= Beginning of Section =
lemma norm_one_minus_X_ge: "0 \<le> t \<Longrightarrow> 1 - rho \<le> norm (1 - X (of_real t))"
  using norm_X_of_real_le[of t] norm_triangle_ineq2[of 1 "X (of_real t)"] by simp

lemma summand_exp_bound: "\<exists>K. \<forall>t\<ge>0. norm (summand (of_real t)) \<le> K * exp (Re s * ln q * t)"
proof (intro exI allI impI)
  fix t :: real assume t: "0 \<le> t"
  define c where "c = ((1 - q) / (1 - rho)) powr Re s * exp (\<bar>Im s\<bar> * pi)"
  have "norm (complex_of_real (1 - q) / (1 - X (of_real t))) = (1 - q) / norm (1 - X (of_real t))"
    unfolding norm_divide norm_of_real using q_less_1 by simp
  also have "\<dots> \<le> (1 - q) / (1 - rho)"
    using q_less_1 rho_bounds norm_one_minus_X_ge[OF t] by (intro divide_left_mono mult_pos_pos) auto
  finally have "norm (complex_of_real (1 - q) / (1 - X (of_real t))) powr Re s \<le> ((1 - q) / (1 - rho)) powr Re s"
    using Re_s_pos by (intro powr_mono2) auto
  then have "norm ((complex_of_real (1 - q) / (1 - X (of_real t))) powr s) \<le> c"
    unfolding c_def by (rule order.trans[OF norm_powr_le mult_right_mono]) auto
  then have "norm (summand (of_real t)) \<le> c * exp (Re s * (t + 1) * ln q)"
    by (simp add: summand_def norm_mult L_def mult_right_mono)
  then show "norm (summand (of_real t)) \<le> c * exp (Re s * ln q) * exp (Re s * ln q * t)"
    by (simp add: algebra_simps flip: exp_add)
qed

lemma summand_deriv_exp_bound:
  "\<exists>K. \<forall>t\<ge>0. norm (summand_deriv j (of_real t)) \<le> K * exp (Re s * ln q * t)"
proof -
  obtain K where K: "\<And>t. 0 \<le> t \<Longrightarrow> norm (summand (of_real t)) \<le> K * exp (Re s * ln q * t)"
    using summand_exp_bound by blast
  have "compact (poly (Ppoly j s) ` cball 0 1)"
    by (intro compact_continuous_image continuous_intros) auto
  then obtain M where M: "\<And>x. x \<in> cball 0 1 \<Longrightarrow> norm (poly (Ppoly j s) x) \<le> M"
    unfolding bounded_iff by (meson compact_imp_bounded bounded_iff image_eqI)
  have "norm (summand_deriv j (of_real t)) \<le>
      (norm s * K * (\<bar>ln q\<bar> / (1 - rho)) ^ j * M) * exp (Re s * ln q * t)" if t: "0 \<le> t" for t
  proof -
    have X: "X (of_real t) \<in> cball 0 1" using norm_X_of_real_le[OF t] rho_bounds by simp
    have "norm (Y (of_real t)) \<le> \<bar>ln q\<bar> / (1 - rho)"
      unfolding Y_def norm_divide L_def norm_of_real using rho_bounds norm_one_minus_X_ge[OF t]
      by (intro divide_left_mono mult_pos_pos) (auto simp: norm_minus_commute)
    then have "norm (summand_deriv j (of_real t)) \<le>
        norm s * (K * exp (Re s * ln q * t)) * (\<bar>ln q\<bar> / (1 - rho)) ^ j * M"
      unfolding summand_deriv_def norm_mult norm_power
      using K[OF t] M[OF X] order_trans[OF norm_ge_zero K[OF t]] rho_bounds
      by (intro mult_mono power_mono) auto
    then show ?thesis by (simp add: mult_ac)
  qed
  then show ?thesis by blast
qed

lemma euler_maclaurin_summand:
  "2 \<le> p \<Longrightarrow> euler_maclaurin p (\<lambda>t. primitive (of_real t)) (\<lambda>j t. summand_deriv j (of_real t))"
  by unfold_locales
    (auto intro!: has_vector_derivative_real_field has_field_derivative_primitive
      has_field_derivative_summand_deriv of_real_in_strip of_real_in_halfplane)

lemma X_eq_powr: "X w = of_real q powr (w + z)"
  by (simp add: X_def L_def powr_of_real_pos[OF q_pos])

lemma summand_eq_powr:
  "summand w = ((1 - of_real q) / (1 - of_real q powr (w + z))) powr s * of_real q powr (s * (w + 1))"
  by (simp add: summand_def X_eq_powr L_def powr_of_real_pos[OF q_pos])

lemma summand_of_nat: "summand (of_nat k) = of_real q powr (s * of_nat (k + 1)) / qnum q (of_nat k + z) powr s"
proof -
  define u where "u = qnum q (of_nat k + z)"
  have "u = (1 - X (of_nat k)) / of_real (1 - q)"
    by (simp add: u_def qnum_def X_eq_powr)
  moreover have "0 < Re (1 - X (of_nat k))"
    using Re_one_minus_X_pos of_real_in_halfplane[of "real k"] by simp
  ultimately have "0 < Re u" and "of_real (1 - q) / (1 - X (of_nat k)) = inverse u"
    using q_less_1 by (simp_all add: Re_divide_of_real)
  then have "(of_real (1 - q) / (1 - X (of_nat k))) powr s = inverse (u powr s)"
    by (simp add: inverse_powr_complex powr_minus)
  then show ?thesis
    by (simp add: summand_def u_def L_def powr_of_real_pos[OF q_pos] divide_inverse algebra_simps)
qed

lemma qzeta_eq_suminf: "qzeta s z q = (\<Sum>k. summand (of_real (real k)))"
  by (simp add: qzeta_def summand_of_nat)

lemma A_eq: "A = of_real (q - q^2) powr s"
proof -
  have "of_real (q - q^2) powr s = of_real q powr s * of_real (1 - q) powr s"
    using q_pos by (simp add: power2_eq_square algebra_simps flip: powr_times_real_left)
  then show ?thesis by (simp add: A_def L_def powr_of_real_pos[OF q_pos])
qed

lemma summand_0: "summand 0 = (of_real (q - q^2) / (1 - of_real q powr z)) powr s"
proof -
  have eq: "of_real (q - q^2) / (1 - of_real q powr z) = of_real q * (of_real (1 - q) / (1 - X 0))"
    by (simp add: X_eq_powr power2_eq_square algebra_simps)
  have "(of_real q * (of_real (1 - q) / (1 - X 0))) powr s
      = of_real q powr s * (of_real (1 - q) / (1 - X 0)) powr s"
    by (rule powr_times_real_left) (use q_pos in auto)
  then show ?thesis unfolding eq by (simp add: summand_def L_def powr_of_real_pos[OF q_pos] mult_ac)
qed

context
  fixes m :: nat
  assumes m_pos: "1 \<le> m"
begin

interpretation em: euler_maclaurin "2 * m" "\<lambda>t. primitive (of_real t)" "\<lambda>j t. summand_deriv j (of_real t)"
  using m_pos by (intro euler_maclaurin_summand) simp

lemma correction_0:
  "em.correction 0 = s * summand 0 * (\<Sum>k=1..m. of_real (bernnum (2*k) / fact (2*k))
      * Y 0 ^ (2*k - 1) * poly (Ppoly (2*k - 1) s) (X 0))"
proof -
  have "em.correction 0 =
      (\<Sum>k=1..m. (-1)^(2*k-1) * of_real (bernnum (2*k) / fact (2*k)) * summand_deriv (2*k-1) 0)"
    unfolding em.correction_def by (subst sum_even_part) (simp_all add: bernnum_odd)
  also have "\<dots> = (\<Sum>k=1..m. s * summand 0 * (of_real (bernnum (2*k) / fact (2*k))
      * Y 0 ^ (2*k - 1) * poly (Ppoly (2*k - 1) s) (X 0)))"
  proof (intro sum.cong refl)
    fix k assume "k \<in> {1..m}"
    then have "(-1::complex) ^ (2*k - 1) = -1" by (simp add: odd_pos)
    then show "(-1)^(2*k-1) * of_real (bernnum (2*k) / fact (2*k)) * summand_deriv (2*k-1) 0 =
        s * summand 0 * (of_real (bernnum (2*k) / fact (2*k)) * Y 0 ^ (2*k - 1) * poly (Ppoly (2*k - 1) s) (X 0))"
      by (simp add: summand_deriv_def mult_ac)
  qed
  finally show ?thesis by (simp add: sum_distrib_left)
qed

lemma integral_remainder_eq_Rrem: "integral {0..} em.remainder = Rrem m s z q"
proof -
  have "em.remainder = (\<lambda>t. s * (
      of_real (pbernpoly (2*m) t / fact (2*m))
      * (of_real (ln q) / (of_real q powr (of_real t + z) - 1)) ^ (2*m)
      * ((1 - of_real q) / (1 - of_real q powr (of_real t + z))) powr s
      * of_real q powr (s * (of_real t + 1))
      * poly (Ppoly (2*m) s) (of_real q powr (of_real t + z))))"
    by (rule ext, unfold em.remainder_def)
      (simp add: summand_deriv_def Y_def summand_eq_powr X_eq_powr L_def mult_ac)
  then show ?thesis by (simp add: Rrem_def)
qed

lemma qzeta_euler_maclaurin:
  "qzeta s z q = - primitive 0 + summand 0 / 2
    + s * summand 0 * (\<Sum>k=1..m. of_real (bernnum (2*k) / fact (2*k))
        * Y 0 ^ (2*k - 1) * poly (Ppoly (2*k - 1) s) (X 0))
    - Rrem m s z q"
proof -
  have decay: "Re s * ln q < 0" using Re_s_pos ln_q_neg by (simp add: mult_pos_neg)
  have tendsto_zero: "(\<lambda>N. f (of_real (real N))) \<longlonglongrightarrow> 0"
    if "\<exists>K. \<forall>t\<ge>0. norm (f (of_real t)) \<le> K * exp (Re s * ln q * t)" for f :: "complex \<Rightarrow> complex"
    using that tendsto_zero_exp_bound[OF decay, of "\<lambda>t. f (of_real t)"] by blast
  obtain C where "\<forall>t\<ge>0. norm (em.remainder t) \<le> C * exp (Re s * ln q * t)"
    using summand_deriv_exp_bound em.remainder_exp_bound by meson
  moreover have "em.remainder integrable_on {0..real N}" for N
    using em.has_integral_remainder by blast
  ultimately have "(\<lambda>N. integral {0..real N} em.remainder) \<longlonglongrightarrow> integral {0..} em.remainder"
    using improper_integral_exp_bound(2)[OF decay] by blast
  then have "(\<lambda>k. summand_deriv 0 (of_real (real k))) sums (- primitive (of_real 0)
      + summand_deriv 0 (of_real 0) / 2 + em.correction 0 - (-1)^(2*m) * integral {0..} em.remainder)"
    by (intro em.euler_maclaurin_sums tendsto_zero primitive_exp_bound summand_deriv_exp_bound)
  then show ?thesis
    using correction_0 integral_remainder_eq_Rrem by (simp add: qzeta_eq_suminf sums_iff)
qed

end

end

theorem proposition2:
  fixes q :: real and z s :: complex and m :: nat
  assumes "0 < q" "q < 1" "0 < Re z" "1 \<le> m" "0 < Re s"
  shows "qzeta s z q =
      - (of_real (q - q^2) powr s / (s * of_real (ln q))) * hyp2F1 s s (s + 1) (of_real q powr z)
      + 1/2 * ((of_real (q - q^2)) / (1 - of_real q powr z)) powr s
      + s * ((of_real (q - q^2)) / (1 - of_real q powr z)) powr s
          * (\<Sum>k=1..m. of_real (bernnum (2*k) / fact (2*k))
               * (of_real (ln q) / (of_real q powr z - 1)) ^ (2*k - 1)
               * poly (Ppoly (2*k - 1) s) (of_real q powr z))
      - Rrem m s z q"
proof -
  interpret qzeta_setting q z s
    using assms by unfold_locales
  have "primitive 0 = of_real (q - q^2) powr s / (s * of_real (ln q)) * hyp2F1 s s (s + 1) (of_real q powr z)"
    by (simp add: primitive_0 A_eq Q_def L_def powr_of_real_pos[OF assms(1)])
  moreover have "Y 0 = of_real (ln q) / (of_real q powr z - 1)" "X 0 = of_real q powr z"
    by (simp_all add: Y_def L_def X_eq_powr)
  ultimately show ?thesis
    using qzeta_euler_maclaurin[OF assms(4)] by (simp add: summand_0)
qed

end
= End of Section =
Starting at the line that has "(auto intro!: has_vector_derivative_real_field" and ending at the line that has "powr (w + z)))", please write out the lines above exactly, leaving out all others.

    (auto intro!: has_vector_derivative_real_field has_field_derivative_primitive
      has_field_derivative_summand_deriv of_real_in_strip of_real_in_halfplane)

lemma X_eq_powr: "X w = of_real q powr (w + z)"
  by (simp add: X_def L_def powr_of_real_pos[OF q_pos])

lemma summand_eq_powr:
  "summand w = ((1 - of_real q) / (1 - of_real q powr (w + z))) powr s * of_real q powr (s * (w + 1))"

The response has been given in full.